Day Twenty-Eight: Off Switches vs. Dimmer Switches

“Off switch and dimmer switch” has been a metaphor on my mind lately.

It has to do with drinking, or at least that’s where it started.

But now I suspect it connects to a lot of things in my life.

Essentially, my off switch is pretty good. If I know something’s not good for me, or that I shouldn’t do it to excess, not starting isn’t that hard.

Some times are harder than others, but on balance, it’s pretty easy for me to, say, not drink. I just don’t drink.

My dimmer switch is kind of messed up

If I hit the ‘on’ switch, though, it’s not easy for me to use the dimmer switch appropriately.
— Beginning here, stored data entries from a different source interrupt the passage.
(* Let $\mathcal{I}$ be a proper admissible ideal on $\omega$ and $X$ a topological space. If ONE does not have a winning strategy in the $\mathcal{I}$-Hurewicz game $\mathcal{I}H(X)$, then $X$ satisfies $S_{fin}(\Lambda, \mathcal{I}\text{-}\mathcal{O}^{gp})$.
   Context: The game $\mathcal{I}H(X)$: in round $n\in\omega$ ONE chooses an open cover $\mathcal{U}_n$ of $X$ and TWO chooses a finite $\mathcal{V}_n\subseteq\mathcal{U}_n$; TWO wins if for each $x\in X$, $\{n : x\notin\bigcup\mathcal{V}_n\}\in\mathcal{I}$, otherwise ONE wins. $\Lambda$ denotes the collection of large covers of $X$ (open covers such that each point of $X$ belongs to infinitely many members). An open cover $\mathcal{U}$ is $\mathcal{I}$-groupable if $\mathcal{U}=\bigcup_n\mathcal{U}_n$ with the $\mathcal{U}_n$ finite, pairwise disjoint, and for each $x$, $\{n : x\notin\bigcup\mathcal{U}_n\}\in\mathcal{I}$; $\mathcal{I}\text{-}\mathcal{O}^{gp}$ is the collection of such covers. $S_{fin}(\Lambda,\mathcal{I}\text{-}\mathcal{O}^{gp})$: for each sequence $\langle\mathcal{U}_n\rangle$ of large covers there are finite $\mathcal{V}_n\subseteq\mathcal{U}_n$ with $\bigcup_n\mathcal{V}_n\in\mathcal{I}\text{-}\mathcal{O}^{gp}$. *)

theory Defs
  imports "HOL-Analysis.Analysis"
begin

definition is_ideal :: "nat set set \<Rightarrow> bool" where
  "is_ideal I \<longleftrightarrow> {} \<in> I \<and> (\<forall>A B. A \<in> I \<and> B \<subseteq> A \<longrightarrow> B \<in> I)
     \<and> (\<forall>A B. A \<in> I \<and> B \<in> I \<longrightarrow> A \<union> B \<in> I)"

definition proper_ideal :: "nat set set \<Rightarrow> bool" where
  "proper_ideal I \<longleftrightarrow> is_ideal I \<and> UNIV \<notin> I"

definition admissible_ideal :: "nat set set \<Rightarrow> bool" where
  "admissible_ideal I \<longleftrightarrow> is_ideal I \<and> (\<forall>n. {n} \<in> I)"

definition open_cover :: "'a topology \<Rightarrow> 'a set set \<Rightarrow> bool" where
  "open_cover T \<U> \<longleftrightarrow> (\<forall>U\<in>\<U>. openin T U) \<and> topspace T \<subseteq> \<Union>\<U>"

definition large_cover :: "'a topology \<Rightarrow> 'a set set \<Rightarrow> bool" where
  "large_cover T \<U> \<longleftrightarrow> open_cover T \<U> \<and> (\<forall>x\<in>topspace T. infinite {U\<in>\<U>. x \<in> U})"

definition I_groupable :: "nat set set \<Rightarrow> 'a topology \<Rightarrow> 'a set set \<Rightarrow> bool" where
  "I_groupable I T \<U> \<longleftrightarrow> open_cover T \<U> \<and>
     (\<exists>G :: nat \<Rightarrow> 'a set set. \<U> = (\<Union>n. G n) \<and> (\<forall>n. finite (G n))
        \<and> (\<forall>m n. m \<noteq> n \<longrightarrow> G m \<inter> G n = {})
        \<and> (\<forall>x\<in>topspace T. {n. x \<notin> \<Union>(G n)} \<in> I))"

definition S_fin_Lambda_IOgp :: "nat set set \<Rightarrow> 'a topology \<Rightarrow> bool" where
  "S_fin_Lambda_IOgp I T \<longleftrightarrow>
     (\<forall>\<U> :: nat \<Rightarrow> 'a set set. (\<forall>n. large_cover T (\<U> n)) \<longrightarrow>
        (\<exists>\<V> :: nat \<Rightarrow> 'a set set. (\<forall>n. finite (\<V> n) \<and> \<V> n \<subseteq> \<U> n)
           \<and> I_groupable I T (\<Union>n. \<V> n)))"

text \<open>A strategy for ONE maps the finite sequence of TWO's
  previous moves to ONE's next move (an open cover).\<close>
definition strategy_ONE :: "'a topology \<Rightarrow> ('a set set list \<Rightarrow> 'a set set) \<Rightarrow> bool" where
  "strategy_ONE T \<sigma> \<longleftrightarrow> (\<forall>h. open_cover T (\<sigma> h))"

definition play_follows :: "('a set set list \<Rightarrow> 'a set set) \<Rightarrow> (nat \<Rightarrow> 'a set set) \<Rightarrow> bool" where
  "play_follows \<sigma> \<V> \<longleftrightarrow> (\<forall>n. finite (\<V> n) \<and> \<V> n \<subseteq> \<sigma> (map \<V> [0..<n]))"

definition TWO_wins_play :: "nat set set \<Rightarrow> 'a topology \<Rightarrow> (nat \<Rightarrow> 'a set set) \<Rightarrow> bool" where
  "TWO_wins_play I T \<V> \<longleftrightarrow> (\<forall>x\<in>topspace T. {n. x \<notin> \<Union>(\<V> n)} \<in> I)"

definition ONE_has_winning_strategy_IH :: "nat set set \<Rightarrow> 'a topology \<Rightarrow> bool" where
  "ONE_has_winning_strategy_IH I T \<longleftrightarrow>
     (\<exists>\<sigma>. strategy_ONE T \<sigma> \<and> (\<forall>\<V>. play_follows \<sigma> \<V> \<longrightarrow> \<not> TWO_wins_play I T \<V>))"

end

theory Submission
  imports Defs
begin

text \<open>Given large covers \<open>\<U> n\<close>, let ONE play in round \<open>n\<close> the cover \<open>\<U> n\<close> minus all sets
  TWO has chosen so far; removing finitely many members keeps a large cover a cover.
  A play against this strategy that TWO wins consists of pairwise disjoint finite
  selections \<open>\<V> n \<subseteq> \<U> n\<close>, which is exactly an \<open>I\<close>-grouping of their union; properness of
  \<open>I\<close> ensures that the union still covers the space.\<close>

lemma large_cover_imp_open_cover: "large_cover T \<U> \<Longrightarrow> open_cover T \<U>"
  by (simp add: large_cover_def)

lemma large_cover_Diff_finite:
  assumes "large_cover T \<U>" and "finite F"
  shows "large_cover T (\<U> - F)"
  unfolding large_cover_def open_cover_def
proof (intro conjI ballI subsetI)
  show "openin T U" if "U \<in> \<U> - F" for U
    using assms(1) that by (auto simp: large_cover_def open_cover_def)
next
  fix x assume x: "x \<in> topspace T"
  have "infinite ({U\<in>\<U>. x \<in> U} - F)"
    using assms x by (simp add: large_cover_def Diff_infinite_finite)
  moreover have "{U\<in>\<U>. x \<in> U} - F = {U\<in>\<U> - F. x \<in> U}" by blast
  ultimately show "infinite {U\<in>\<U> - F. x \<in> U}" by simp
  then have "{U\<in>\<U> - F. x \<in> U} \<noteq> {}" by (metis finite.emptyI)
  then show "x \<in> \<Union>(\<U> - F)" by blast
qed

text \<open>Only the finite moves in the history are removed, so that the removed family is
  finite for every history, not just for those arising in a play.\<close>
definition avoiding_strategy :: "(nat \<Rightarrow> 'a set set) \<Rightarrow> 'a set set list \<Rightarrow> 'a set set" where
  "avoiding_strategy \<U> h = \<U> (length h) - \<Union>{W \<in> set h. finite W}"

lemma strategy_ONE_avoiding_strategy:
  assumes "\<forall>n. large_cover T (\<U> n)"
  shows "strategy_ONE T (avoiding_strategy \<U>)"
  unfolding strategy_ONE_def avoiding_strategy_def
proof
  fix h :: "'a set set list"
  have "finite (\<Union>{W \<in> set h. finite W})" by (rule finite_Union) auto
  with assms show "open_cover T (\<U> (length h) - \<Union>{W \<in> set h. finite W})"
    by (simp add: large_cover_Diff_finite large_cover_imp_open_cover)
qed

lemma play_follows_avoiding_strategy:
  assumes "play_follows (avoiding_strategy \<U>) \<V>"
  shows "finite (\<V> n)" and "\<V> n \<subseteq> \<U> n - (\<Union>m<n. \<V> m)"
proof -
  have fin: "finite (\<V> k)" for k
    using assms by (simp add: play_follows_def)
  then have "{W \<in> set (map \<V> [0..<n]). finite W} = \<V> ` {..<n}" by auto
  moreover have "\<V> n \<subseteq> avoiding_strategy \<U> (map \<V> [0..<n])"
    using assms by (simp add: play_follows_def)
  ultimately show "\<V> n \<subseteq> \<U> n - (\<Union>m<n. \<V> m)"
    by (simp add: avoiding_strategy_def)
  show "finite (\<V> n)" by (rule fin)
qed

lemma play_follows_avoiding_strategy_disjoint:
  assumes "play_follows (avoiding_strategy \<U>) \<V>" and "m \<noteq> n"
  shows "\<V> m \<inter> \<V> n = {}"
proof -
  have "\<V> k \<inter> \<V> l = {}" if "k < l" for k l
    using play_follows_avoiding_strategy(2)[OF assms(1), of l] that by blast
  with assms(2) show ?thesis by (metis inf_commute linorder_neqE_nat)
qed

lemma I_groupable_if_TWO_wins_play:
  assumes "proper_ideal I" and "TWO_wins_play I T \<V>"
    and "\<forall>U\<in>(\<Union>n. \<V> n). openin T U" and "\<forall>n. finite (\<V> n)"
    and "\<forall>m n. m \<noteq> n \<longrightarrow> \<V> m \<inter> \<V> n = {}"
  shows "I_groupable I T (\<Union>n. \<V> n)"
  unfolding I_groupable_def
proof (intro conjI exI[of _ \<V>])
  have "x \<in> \<Union>(\<Union>n. \<V> n)" if "x \<in> topspace T" for x
  proof -
    have "{n. x \<notin> \<Union>(\<V> n)} \<noteq> UNIV"
      using assms(1,2) that by (auto simp: TWO_wins_play_def proper_ideal_def)
    then show ?thesis by auto
  qed
  with assms(3) show "open_cover T (\<Union>n. \<V> n)"
    by (auto simp: open_cover_def)
  show "\<forall>x\<in>topspace T. {n. x \<notin> \<Union>(\<V> n)} \<in> I"
    using assms(2) by (simp add: TWO_wins_play_def)
qed (use assms(4,5) in simp_all)

theorem mainTheorem2:
  fixes I :: "nat set set" and T :: "'a topology"
  assumes "proper_ideal I" and "admissible_ideal I"
    and "\<not> ONE_has_winning_strategy_IH I T"
  shows "S_fin_Lambda_IOgp I T"
  unfolding S_fin_Lambda_IOgp_def
proof (intro allI impI)
  fix \<U> :: "nat \<Rightarrow> 'a set set"
  assume large: "\<forall>n. large_cover T (\<U> n)"
  obtain \<V> where play: "play_follows (avoiding_strategy \<U>) \<V>" and wins: "TWO_wins_play I T \<V>"
    using assms(3) strategy_ONE_avoiding_strategy[OF large]
    unfolding ONE_has_winning_strategy_IH_def by blast
  have sel: "finite (\<V> n) \<and> \<V> n \<subseteq> \<U> n" for n
    using play_follows_avoiding_strategy[OF play] by blast
  have "\<forall>U\<in>(\<Union>n. \<V> n). openin T U"
    using sel large by (fastforce simp: large_cover_def open_cover_def)
  then have "I_groupable I T (\<Union>n. \<V> n)"
    using I_groupable_if_TWO_wins_play[OF assms(1) wins] sel
      play_follows_avoiding_strategy_disjoint[OF play] by blast
  with sel show "\<exists>\<V>. (\<forall>n. finite (\<V> n) \<and> \<V> n \<subseteq> \<U> n) \<and> I_groupable I T (\<Union>n. \<V> n)"
    by blast
qed

end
Again, this started as a booze thought. But it also applies to snacking, to video games, to Netflix binges, to not exercising.

“Not exercising” may not exactly fit in that category, but let’s see where this goes.

When I open a bag of chips, I’m not a one-chip person, I’m a whole-bag person. Ditto with candy, or cookies, or… well, let’s just broaden this category to ‘snacks’ and be done with it. I used to have co-workers who had Costco bags of nut mixes on their desk and would eat like a quarter-cup a day. This, to me, was alien behaviour. Like the people who run 50 km a day or, I don’t know, astronaut training. I just can’t conceive of that.

If I start playing a game and get intrigued by it, it’s nearly impossible to set a 30-minute timer, then walk away. It’s “one more turn” or “one more mission”.

I don’t think I need to extend the metaphor to Netflix; you see where this is going. I’m not sure that “not exercising” is an off switch or dimmer switch situation, but if I put myself in a position where I don’t exercise for 2-3 days, I sure don’t start feeling like I need to do it. Not exercising, for me, doesn’t build up an accrual of “exercise vibes” until I just gotta hit the gym. Not exercising just leads to torpor and more not exercising.

I think the horse has left the dimmer switch barn

One approach to this is to say “I gotta fix that dimmer switch.” To be honest, I think at this stage of my life I just need to accept some things about myself.

I have a great, well-functioning off switch.

I have a pretty crappy dimmer switch.

It’s not hard to pick which one I should be using.